The question presented in this case is whether the reinstatement procedures established by the Attorney General at 8 C.F.R. § 241.8 are unauthorized by the INA because they provide for reinstatement without the right to a hearing before an immigration judge, as required by INA § 240(a), 8 U.S.C. § 1229a(a). In deciding whether an administrative agency's regulation is a permissive construction of the governing statute, we employ the analysis set forth by the Supreme Court in Chevron, U.S.A., Inc. v. Natural Resources Defense Council, Inc., 467 U.S. 837, 842-45, 104 S.Ct. 2778, 81 L.Ed.2d 694 (1984), as further explained in Food and Drug Administration v. Brown & Williamson Tobacco Corp., 529 U.S. 120, 120 S.Ct. 1291, 146 L.Ed.2d 121 (2000). Under Chevron, we must consider first "whether Congress has directly spoken to the precise question at issue." 467 U.S. at 842, 104 S.Ct. 2778. "If Congress has done so, the inquiry is at an end; [we] `must give effect to the unambiguously expressed intent of Congress.'" Brown & Williamson, 529 U.S. at 132, 120 S.Ct. 1291 (quoting Chevron, 467 U.S. at 843, 104 S.Ct. 2778). In making that assessment, we look not only at the precise statutory section in question, but analyze the provision in the context of the governing statute as a whole, presuming congressional intent to create a "symmetrical and coherent regulatory scheme." Id. at 133, 104 S.Ct. 2778(quoting Gustafson v. Alloyd Co., 513 U.S. 561, 569, 115 S.Ct. 1061, 131 L.Ed.2d 1 (1995)). Finally, "we must be guided to a degree by common sense as to the manner in which Congress is likely to delegate a policy decision of such economic and political magnitude to an administrative agency." Id. If, after conducting such an analysis, we conclude that Congress has not addressed the issue, we "must respect the agency's construction of the statute so long as it is permissible." Id. at 132, 115 S.Ct. 1061 (citing INS v. Aguirre-Aguirre, 526 U.S. 415, 119 S.Ct. 1439, 143 L.Ed.2d 590 (1999)).

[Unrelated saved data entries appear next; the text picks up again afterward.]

definition tower_eq :: "(nat \<Rightarrow> 'k::field fa) \<Rightarrow> (nat \<Rightarrow> 'k fa) \<Rightarrow> bool" where
  "tower_eq f g \<longleftrightarrow> admissible f \<and> admissible g \<and> (\<forall>m. jac_eq m (f m) (g m))"

lemma tower_eq_part_equivp: "part_equivp (tower_eq :: (nat \<Rightarrow> 'k::field fa) \<Rightarrow> _)"
proof (rule part_equivpI)
  show "\<exists>f::nat \<Rightarrow> 'k fa. tower_eq f f"
    by (rule exI[of _ "\<lambda>m. fa_zero"]) (simp add: tower_eq_def admissible_def free_alg_zero jac_eq_refl)
  show "symp (tower_eq :: (nat \<Rightarrow> 'k::field fa) \<Rightarrow> _)"
    by (auto simp: symp_def tower_eq_def intro: jac_eq_sym)
  show "transp (tower_eq :: (nat \<Rightarrow> 'k::field fa) \<Rightarrow> _)"
    by (auto simp: transp_def tower_eq_def intro: jac_eq_trans)
qed

quotient_type (overloaded) 'k jac_prod = "nat \<Rightarrow> ('k::field) fa" / partial: tower_eq
  by (rule tower_eq_part_equivp)

lemma tower_eq_self: "tower_eq f f \<longleftrightarrow> admissible f"
  by (simp add: tower_eq_def jac_eq_refl)

definition tw_add :: "(nat \<Rightarrow> 'k::field fa) \<Rightarrow> (nat \<Rightarrow> 'k fa) \<Rightarrow> nat \<Rightarrow> 'k fa" where
  "tw_add f g = (\<lambda>m. fa_add (f m) (g m))"
definition tw_sub :: "(nat \<Rightarrow> 'k::field fa) \<Rightarrow> (nat \<Rightarrow> 'k fa) \<Rightarrow> nat \<Rightarrow> 'k fa" where
  "tw_sub f g = (\<lambda>m. fa_sub (f m) (g m))"
definition tw_mult :: "(nat \<Rightarrow> 'k::field fa) \<Rightarrow> (nat \<Rightarrow> 'k fa) \<Rightarrow> nat \<Rightarrow> 'k fa" where
  "tw_mult f g = (\<lambda>m. fa_mult (f m) (g m))"
definition tw_neg :: "(nat \<Rightarrow> 'k::field fa) \<Rightarrow> nat \<Rightarrow> 'k fa" where
  "tw_neg f = (\<lambda>m. fa_neg (f m))"
definition tw_one :: "nat \<Rightarrow> 'k::field fa" where
  "tw_one = (\<lambda>m. fa_one)"
definition tw_zero :: "nat \<Rightarrow> 'k::field fa" where
  "tw_zero = (\<lambda>m. fa_zero)"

Thus, we turn first to the plain language of the statute. Section 240 of the INA provides, in relevant part:

(a) Proceeding.

(1) In general. An immigration judge shall conduct all proceedings for deciding the inadmissibility or deportability of an alien.

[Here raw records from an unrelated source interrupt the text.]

definition min_codeg :: "'a set \<Rightarrow> 'a set set \<Rightarrow> nat" where
  "min_codeg V E = Min {card (nbh V E u v) | u v. u \<in> V \<and> v \<in> V \<and> u \<noteq> v}"

definition spans_K4minus :: "'a set set \<Rightarrow> 'a set \<Rightarrow> bool" where
  "spans_K4minus E T \<longleftrightarrow> card T = 4 \<and> card {e. e \<subseteq> T \<and> card e = 3 \<and> e \<in> E} \<ge> 3"

definition is_K4 :: "'a set set \<Rightarrow> 'a set \<Rightarrow> bool" where
  "is_K4 E T \<longleftrightarrow> card T = 4 \<and> (\<forall>e. e \<subseteq> T \<and> card e = 3 \<longrightarrow> e \<in> E)"

definition connector1 :: "'a set \<Rightarrow> 'a set set \<Rightarrow> 'a \<Rightarrow> 'a \<Rightarrow> 'a set \<Rightarrow> bool" where
  "connector1 V E x y S \<longleftrightarrow> S \<subseteq> V \<and> S \<inter> {x, y} = {} \<and> card S = 3
     \<and> spans_K4minus E (S \<union> {x}) \<and> spans_K4minus E (S \<union> {y})"

definition bridge1 :: "'a set \<Rightarrow> 'a set set \<Rightarrow> 'a set \<Rightarrow> 'a set \<Rightarrow> 'a \<Rightarrow> 'a \<Rightarrow> 'a set \<Rightarrow> bool" where
  "bridge1 V E X Y x0 y0 S \<longleftrightarrow> x0 \<in> X \<and> y0 \<in> Y \<and> connector1 V E x0 y0 S"

definition spans_bridge1 :: "'a set \<Rightarrow> 'a set set \<Rightarrow> 'a set \<Rightarrow> 'a set \<Rightarrow> 'a set \<Rightarrow> bool" where
  "spans_bridge1 V E X Y Z \<longleftrightarrow> card Z = 5 \<and>
     (\<exists>x0 y0 S. bridge1 V E X Y x0 y0 S \<and> Z = S \<union> {x0, y0})"

definition typical :: "'a set \<Rightarrow> 'a set set \<Rightarrow> real \<Rightarrow> 'a set \<Rightarrow> 'a set \<Rightarrow> 'a \<Rightarrow> 'a \<Rightarrow> 'a \<Rightarrow> bool" where
  "typical V E \<rho> X Y x x' y \<longleftrightarrow> x \<in> X \<and> x' \<in> X \<and> y \<in> Y \<and>
     real (card (nbh V E x x' \<inter> Y)) \<ge> real (card Y) - \<rho> * real (card V) \<and>
     real (card (nbh V E x y \<inter> nbh V E x' y \<inter> X)) \<le> \<rho> * real (card V) \<and>
     real (card X) - \<rho> * real (card V) \<le> real (card (nbh V E x y \<inter> X)) + real (card (nbh V E x' y \<inter> X))"

end

theory Submission
  imports Defs
begin

text \<open>
  Let T = {x, x', y1, y2}; its three given edges make T a K_4^-. Swap a vertex t of T for
  a vertex v outside T. If T - t + v spans a K_4^- and v, t lie on opposite sides, then
  t, v and T - t form an (X,Y)-bridge spanning T + v; if T - t + v spans a K_4^3 and v, t
  lie on the same side, that K_4^3 is one of those counted in (b). Distinct vertices v give
  distinct 5-sets T + v and distinct such K_4^3's, so if (a) and (b) fail, fewer than
  \<gamma>n/4 vertices v do either. Every other vertex lies in few of the links N(uw) of the six
  pairs uw of T, in a pattern that depends on its side. Summing these pointwise bounds over
  all v and comparing with the codegree bound |N(uw)| \<ge> (1/2 - \<gamma>)n gives |X| \<approx> |Y|
  and the three typicality conditions.
\<close>

lemma nbh_subset: "nbh V E u w \<subseteq> V"
  unfolding nbh_def by auto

(2) Charges. An alien placed in proceedings under this section may be charged with any applicable ground of inadmissibility under section 1182(a) of this title or any applicable ground of deportability under section 1227(a) of this title.

(3) Exclusive procedures. Unless otherwise specified in this chapter, a proceeding under this section shall be the sole and exclusive procedure for determining whether an alien may be admitted to the United States or, if the alien has been so admitted, removed from the United States. Nothing in the section shall affect proceedings conducted pursuant to section 1228 of this title.

8 U.S.C. § 1229a.

The plain language of INA § 240(a) unambiguously indicates that an immigration judge must decide the "inadmissibility" or "deportability" of an alien. Section 240(a)(2) provides guidance as to what constitutes inadmissibility or deportability. An alien is inadmissible if he may be charged under 8 U.S.C. § 1182(a) and deportable if he may be charged under 8 U.S.C. § 1227(a). Aliens who, like Morales, were previously removed from the United States under any provision of law and who subsequently enter the United States without being admitted are inadmissible and may be charged as such.2 8 U.S.C. § 1182(a)(9)(C). Thus, the determination of whether an alien's prior deportation order should be reinstated is, in effect, a determination of whether that alien may be found inadmissible, because, under § 241(a)(5), a reinstatement order should issue if the Attorney General finds that an alien who was deported or who voluntarily departed while under a deportation order illegally reentered the United States. 8 U.S.C. § 1231(a)(5).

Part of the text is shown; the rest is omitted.